For routine injections I just wear scrubs and sterile gloves. No mask or hat. I started that several years ago after seeing others who were not wearing masks or hats. At first I was blown away but I saw their track record and adopted their style. Discos & implants are still done with "full metal jacket".
Now that you mention it, there has been a huge change that I guess happened so slowly I didn't notice it. When I was first starting out as an intern in 1979 there were very strict rules about scrubs. If you left the OR in your scrubs you had to wear a lab coat. You had to remove and discard your hat, mask and shoe covers, and you put on new ones when you came back to the OR. If you showed up in scrubs they demanded that you change into fresh ones. Urologists used to wear masks to do cystos.

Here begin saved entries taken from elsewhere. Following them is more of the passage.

(* Assume $y_1(t)\to0$ as $t\to\infty$. Then the following are equivalent: (S) $\int_0^t\cos(\omega s)A(s)y_1(s)\,ds=o(A(t))$ and $\int_0^t\sin(\omega s)A(s)y_1(s)\,ds=o(A(t))$ as $t\to\infty$; (T) $\int_0^t\cos(\omega s)A(s)f(s)\,ds=o(A(t))$ and $\int_0^t\sin(\omega s)A(s)f(s)\,ds=o(A(t))$ as $t\to\infty$.
   Context: Standing assumptions: $\omega>0$ is a constant; $p\in C^1([0,\infty))$ with $p(t)>0$ and $p'(t)<0$ for all $t\ge0$, $\int_0^\infty p(t)\,dt=\infty$ and $\int_0^\infty p(t)^2\,dt<\infty$; $f\in L^1_{\mathrm{loc}}([0,\infty))$. Notation: $A(t)=\exp(\frac12\int_0^tp(s)\,ds)$ (so $A(t)\to\infty$); $y_1(t)=\int_0^te^{-\omega^2(t-s)}f(s)\,ds$, the solution of $y_1'=-\omega^2y_1+f$, $y_1(0)=0$. *)

theory Defs
  imports "HOL-Analysis.Analysis" "HOL-Library.Landau_Symbols"
begin

definition Afun :: "(real \<Rightarrow> real) \<Rightarrow> real \<Rightarrow> real" where
  "Afun p t = exp (integral {0..t} p / 2)"

definition y1fun :: "real \<Rightarrow> (real \<Rightarrow> real) \<Rightarrow> real \<Rightarrow> real" where
  "y1fun \<omega> f t = integral {0..t} (\<lambda>s. exp (- (\<omega>\<^sup>2) * (t - s)) * f s)"

end

theory Submission
  imports Defs
begin

(* Write y = y1, so that y' = f - \<omega>^2 y in the integrated sense, and A' = p A / 2.
   Integrating f against cos(\<omega> s) A(s) and sin(\<omega> s) A(s) by parts turns the
   f-integrals Tc, Ts into the y-integrals C, S:
     Tc = \<omega>^2 C + \<omega> S + o(A),   Ts = \<omega>^2 S - \<omega> C + o(A).
   The remainders are the boundary terms cos(\<omega> t) A(t) y(t), sin(\<omega> t) A(t) y(t) and the
   integrals of (p A / 2) cos(\<omega> s) y(s), (p A / 2) sin(\<omega> s) y(s); they are o(A) because
   y tends to 0 and A, the primitive of p A / 2, tends to infinity.  The matrix of the
   linear part is invertible, so (C, S) = o(A) if and only if (Tc, Ts) = o(A).
   Since f is merely locally integrable, the integration by parts rests on Fubini's
   theorem over a triangle. *)

lemma sigma_finite_lebesgue: "sigma_finite_measure (lebesgue :: real measure)"
  unfolding sigma_finite_measure_def
proof (intro exI[of _ "range (\<lambda>n::nat. {-real n..real n})"] conjI)
  show "\<Union> (range (\<lambda>n::nat. {-real n..real n})) = space lebesgue"
    by (auto, metis abs_le_iff real_arch_simple minus_le_iff)
qed auto

(* Locally integrable functions need not be Borel measurable, so Fubini's theorem is used for
   the product of two copies of lebesgue rather than for lborel. *)
interpretation lebesgue_pair: pair_sigma_finite "lebesgue :: real measure" "lebesgue :: real measure"
  by (simp add: pair_sigma_finite.intro sigma_finite_lebesgue)

lemma integrable_triangle_kernel:
  fixes g h :: "real \<Rightarrow> real"
  assumes h: "h absolutely_integrable_on {a..b}" and g: "continuous_on {a..b} g"
  shows "integrable (lebesgue \<Otimes>\<^sub>M lebesgue)
    (\<lambda>(u, s). if s \<le> u then indicator {a..b} u * g u * (indicator {a..b} s * h s) else 0)"
proof -
  define gb where "gb u = indicator {a..b} u * g u" for u
  define hb where "hb s = indicator {a..b} s * h s" for s
  have hb_int: "integrable lebesgue hb"
    using h unfolding set_integrable_def hb_def by simp
  have [measurable]: "hb \<in> borel_measurable lebesgue"
    using hb_int by (rule borel_measurable_integrable)
  have [measurable]: "gb \<in> borel_measurable lebesgue"
    using borel_measurable_continuous_on_indicator[OF _ g] unfolding gb_def
    by (simp add: measurable_completion)
  have [measurable]: "fst \<in> borel_measurable (lebesgue \<Otimes>\<^sub>M lebesgue)"
    "snd \<in> borel_measurable (lebesgue \<Otimes>\<^sub>M lebesgue)"
    using measurable_fst measurable_snd
    by (auto intro: measurable_compose[OF _ id_borel_measurable_lebesgue[unfolded id_def]])
  obtain M where M: "\<And>u. u \<in> {a..b} \<Longrightarrow> \<bar>g u\<bar> \<le> M"
    using compact_imp_bounded[OF compact_continuous_image[OF g compact_Icc]]
    unfolding bounded_iff by (auto simp del: atLeastAtMost_iff)
  have "integrable (lebesgue \<Otimes>\<^sub>M lebesgue) (\<lambda>(u, s). if s \<le> u then gb u * hb s else 0)"
  proof (rule Bochner_Integration.integrable_bound)
    show "integrable (lebesgue \<Otimes>\<^sub>M lebesgue) (\<lambda>(u, s). M * indicator {a..b} u * \<bar>hb s\<bar>)"
      using hb_int by (intro lebesgue_pair.Fubini_integrable)
        (auto simp: abs_mult integrable_real_indicator emeasure_lborel_Icc_eq split: split_indicator)
    show "AE x in lebesgue \<Otimes>\<^sub>M lebesgue. norm (case x of (u, s) \<Rightarrow> if s \<le> u then gb u * hb s else 0)
        \<le> norm (case x of (u, s) \<Rightarrow> M * indicator {a..b} u * \<bar>hb s\<bar>)"
    proof (intro AE_I2, clarify)
      fix u s
      show "norm (if s \<le> u then gb u * hb s else 0) \<le> norm (M * indicator {a..b} u * \<bar>hb s\<bar>)"
        using M[of u] by (auto simp: gb_def abs_mult intro!: mult_right_mono split: split_indicator)
    qed
  qed measurable
  then show ?thesis
    unfolding gb_def hb_def .
qed

lemma integral_mult_indefinite_integral_swap:
  fixes g h :: "real \<Rightarrow> real"
  assumes h: "h absolutely_integrable_on {a..b}" and g: "continuous_on {a..b} g"
  shows "integral {a..b} (\<lambda>u. g u * integral {a..u} h) = integral {a..b} (\<lambda>s. h s * integral {s..b} g)"
proof -
  define F where "F u s = (if s \<le> u then indicator {a..b} u * g u * (indicator {a..b} s * h s) else 0)"
    for u s
  have F_int: "integrable (lebesgue \<Otimes>\<^sub>M lebesgue) (\<lambda>(u, s). F u s)"
    unfolding F_def using h g by (rule integrable_triangle_kernel)
  have F_u: "(\<integral>s. F u s \<partial>lebesgue) = indicator {a..b} u * (g u * integral {a..u} h)" for u
  proof (cases "u \<in> {a..b}")
    case True
    then have "h absolutely_integrable_on {a..u}"
      by (intro absolutely_integrable_on_subinterval[OF h]) auto
    moreover have "(\<lambda>s. F u s) = (\<lambda>s. g u * (indicator {a..u} s *\<^sub>R h s))"
      using True by (auto simp: F_def split: split_indicator)
    ultimately show ?thesis
      using True by (simp add: set_lebesgue_integral_eq_integral(2)[symmetric] set_lebesgue_integral_def)
  next
    case False
    then have "(\<lambda>s. F u s) = (\<lambda>s. 0)"
      by (auto simp: F_def)
    then show ?thesis
      using False by simp
  qed
  have F_s: "(\<integral>u. F u s \<partial>lebesgue) = indicator {a..b} s * (h s * integral {s..b} g)" for s
  proof (cases "s \<in> {a..b}")
    case True
    then have "g absolutely_integrable_on {s..b}"
      by (intro absolutely_integrable_continuous_real continuous_on_subset[OF g]) auto
    moreover have "(\<lambda>u. F u s) = (\<lambda>u. h s * (indicator {s..b} u *\<^sub>R g u))"
      using True by (auto simp: F_def split: split_indicator)
    ultimately show ?thesis
      using True by (simp add: set_lebesgue_integral_eq_integral(2)[symmetric] set_lebesgue_integral_def)
  next
    case False
    then have "(\<lambda>u. F u s) = (\<lambda>u. 0)"
      by (auto simp: F_def)
    then show ?thesis
      using False by simp
  qed
  have "set_integrable lebesgue {a..b} (\<lambda>u. g u * integral {a..u} h)"
    using lebesgue_pair.integrable_fst[OF F_int] by (simp add: set_integrable_def F_u)
  moreover have "set_integrable lebesgue {a..b} (\<lambda>s. h s * integral {s..b} g)"
    using lebesgue_pair.integrable_snd[OF F_int] by (simp add: set_integrable_def F_s)
  moreover have "(\<integral>s. (\<integral>u. F u s \<partial>lebesgue) \<partial>lebesgue) = (\<integral>u. (\<integral>s. F u s \<partial>lebesgue) \<partial>lebesgue)"
    by (rule lebesgue_pair.Fubini_integral[OF F_int])
  ultimately show ?thesis
    by (simp add: F_u F_s set_lebesgue_integral_eq_integral(2)[symmetric] set_lebesgue_integral_def)
qed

Now I see people walk in and out of the hospital in scrubs (many of them custom scrubs with their names embroidered, obviously worn from home), and the nurses have cute little cloth hats with colorful designs that they seem to wear every day without washing in between. I see OR staff eating in the cafeteria with their hats on, shoe covers on, masks dangling around their necks. One place I worked the cataract patients were taken back to the OR in their street clothes.
Obviously the office environment is nowhere near as sterile as the OR, yet more and more procedures are being done by most specialties in the office, evidently without causing epidemics of staph infections.
Things seem to have lightened up considerably.